Journal of Hepatology
Volume 46, Issue 4 , Pages 549-552, April 2007

Ferritin, metabolic syndrome and NAFLD: Elective attractions and dangerous liaisons

Department of Clinical Medicine and Prevention, University of Milano-Bicocca, Centre for Diagnosis and Therapy of Hemochromatosis, San Gerardo Hospital, Via Pergolesi 33, 20052 Monza, Italy

published online 26 January 2007.

Article Outline

 

Accumulating evidence suggests a link between serum ferritin, insulin resistance, and non-alcoholic fatty liver disease (NAFLD). Several studies showed high ferritin levels and/or increased prevalence of hyperferritinemia in patients with the whole metabolic syndrome [1], [2] or its single components [3], [4], [5], [6], with serum ferritin showing a linear increase with the increasing number of metabolic syndrome features [1]. Epidemiologic studies have further supported this notion by suggesting that serum ferritin could be a marker of insulin resistance [7]. Fat accumulation in the liver seems to be a very early event in the course of insulin resistance and several studies demonstrated the strong association between NAFLD, insulin resistance and metabolic syndrome features [8], [9], [10], [11]. Serum ferritin is indeed frequently increased in NAFLD patients [12], [13], [14], [15] and related to disease progression [15]. Finally, a common hepatic iron overload condition, characterised by hyperferritinemia with normal or slightly increased transferrin saturation, was described in non-C282Y homozygotes and named insulin-resistance hepatic iron overload [IR-HIO] syndrome due to frequent association with hepatic steatosis and metabolic abnormalities [16].

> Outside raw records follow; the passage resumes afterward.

lemma append_le_swap_if_le_suffixes:
  assumes "\<forall>k < length z. B \<le> drop k z" and "B \<noteq> []"
  shows "B @ z \<le> z @ (B::'a::linorder list)"
  using assms(1)
proof (induction "length z" arbitrary: z rule: less_induct)
  case less
  show ?case
  proof (cases "z = []")
    case False
    then have "B \<le> z" using less.prems by (metis drop0 length_greater_0_conv)
    then consider "diverges_above z B" | z' where "z = B @ z'"
      using le_imp_diverges_above_or_prefix by blast
    then show ?thesis
    proof cases
      case 1
      then show ?thesis using append_less_append_if_diverges_above less_imp_le by blast
    next
      case 2
      have "\<forall>k < length z'. B \<le> drop k z'"
      proof (intro allI impI)
        fix k assume "k < length z'"
        then show "B \<le> drop k z'"
          using less.prems[rule_format, of "length B + k"] 2 by simp
      qed
      moreover have "length z' < length z" using 2 assms(2) by simp
      ultimately have "B @ z' \<le> z' @ B" using less.hyps by blast
      then show ?thesis using 2 by simp
    qed
  qed simp
qed

section \<open>Lyndon words and the least suffix\<close>

lemma word_less_iff_less: "word_less u v \<longleftrightarrow> u < v"
  unfolding word_less_def list_less_def by simp

lemma lyndon_iff:
  "lyndon w \<longleftrightarrow> w \<noteq> [] \<and> (\<forall>k. 0 < k \<and> k < length w \<longrightarrow> w < drop k w)"
  unfolding lyndon_def word_less_iff_less ..

lemma lyndon_suffix_diverges_above:
  assumes "lyndon w" "0 < k" "k < length w"
  shows "diverges_above (drop k w) w"
proof -
  have "w < drop k w" using assms by (simp add: lyndon_iff)
  then consider "diverges_above (drop k w) w" | z where "drop k w = w @ z"
    using less_imp_diverges_above_or_prefix by blast
  then show ?thesis
  proof cases
    case 2
    then have "length w \<le> length (drop k w)" by simp
    then show ?thesis using assms by simp
  qed
qed

lemma lyndon_if_le_suffixes:
  assumes "v \<noteq> []" and "\<forall>j < length v. v \<le> drop j v"
  shows "lyndon v"
  unfolding lyndon_iff
proof (intro conjI allI impI)
  fix j assume j: "0 < j \<and> j < length v"
  then have "length (drop j v) < length v" by auto
  then have "v \<noteq> drop j v" by (metis less_irrefl)
  then show "v < drop j v" using assms(2) j by (simp add: order_le_neq_trans)
qed (fact assms(1))

lemma le_if_le_suffixes:
  fixes t v :: "'a::linorder list"
  assumes "t \<noteq> []" and tv: "v \<le> t @ v" and suffixes: "\<forall>j < length v. v \<le> drop j v"
  shows "v \<le> t"
proof (rule ccontr)
  assume "\<not> v \<le> t"
  then have "t < v" by simp
  then consider "diverges_above v t" | z where "z \<noteq> []" "v = t @ z"
    using less_imp_diverges_above_or_prefix by blast
  then show False
  proof cases
    case 1
    then show False using tv append_less_append_if_diverges_above[of v t v "[]"] by simp
  next
    case 2
    have "v \<le> z" using suffixes[rule_format, of "length t"] 2 by simp
    moreover have "z \<le> v" using tv 2 by simp
    ultimately have "v = t @ v" using 2 by simp
    then show False using assms(1) by simp
  qed
qed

Despite the substantial amount in support of an association between ferritin, iron overload, insulin resistance, and NAFLD the mechanisms underlying this intricate and intriguing relation are still unclear. Zelber-Sagi et al. in this issue of the Journal [17] tried to fill one of these gaps. They showed that NAFLD was responsible for the association between serum ferritin and the metabolic syndrome and most of its components suggesting that the relation between serum ferritin and most of metabolic syndrome features might be mediated by the presence of NAFLD at population-based level. Expanding their conclusions, they also suggest that the association found in previous studies between ferritin and components of the metabolic syndrome may depend from undiagnosed NAFLD. Among metabolic features, insulin appeared to be the strongest predictor of increased serum ferritin levels, but the association between serum ferritin and insulin was much more evident in the NAFLD group. Accordingly, the interaction between NAFLD and hyperinsulinemia was the major determinant of serum ferritin levels in a linear multivariate analysis, besides gender.

Despite the novelty of information, the cross-sectional design of the study prevents one from making inferences about the directionality of these associations. Two prospective studies provided evidence that increased ferritin levels precede the development of diabetes [18], [19]. However, it remains unanswered whether serum ferritin is a marker of insulin resistance or whether elevated serum ferritin may contribute, via iron accumulation, to the pathogenesis of altered metabolic states.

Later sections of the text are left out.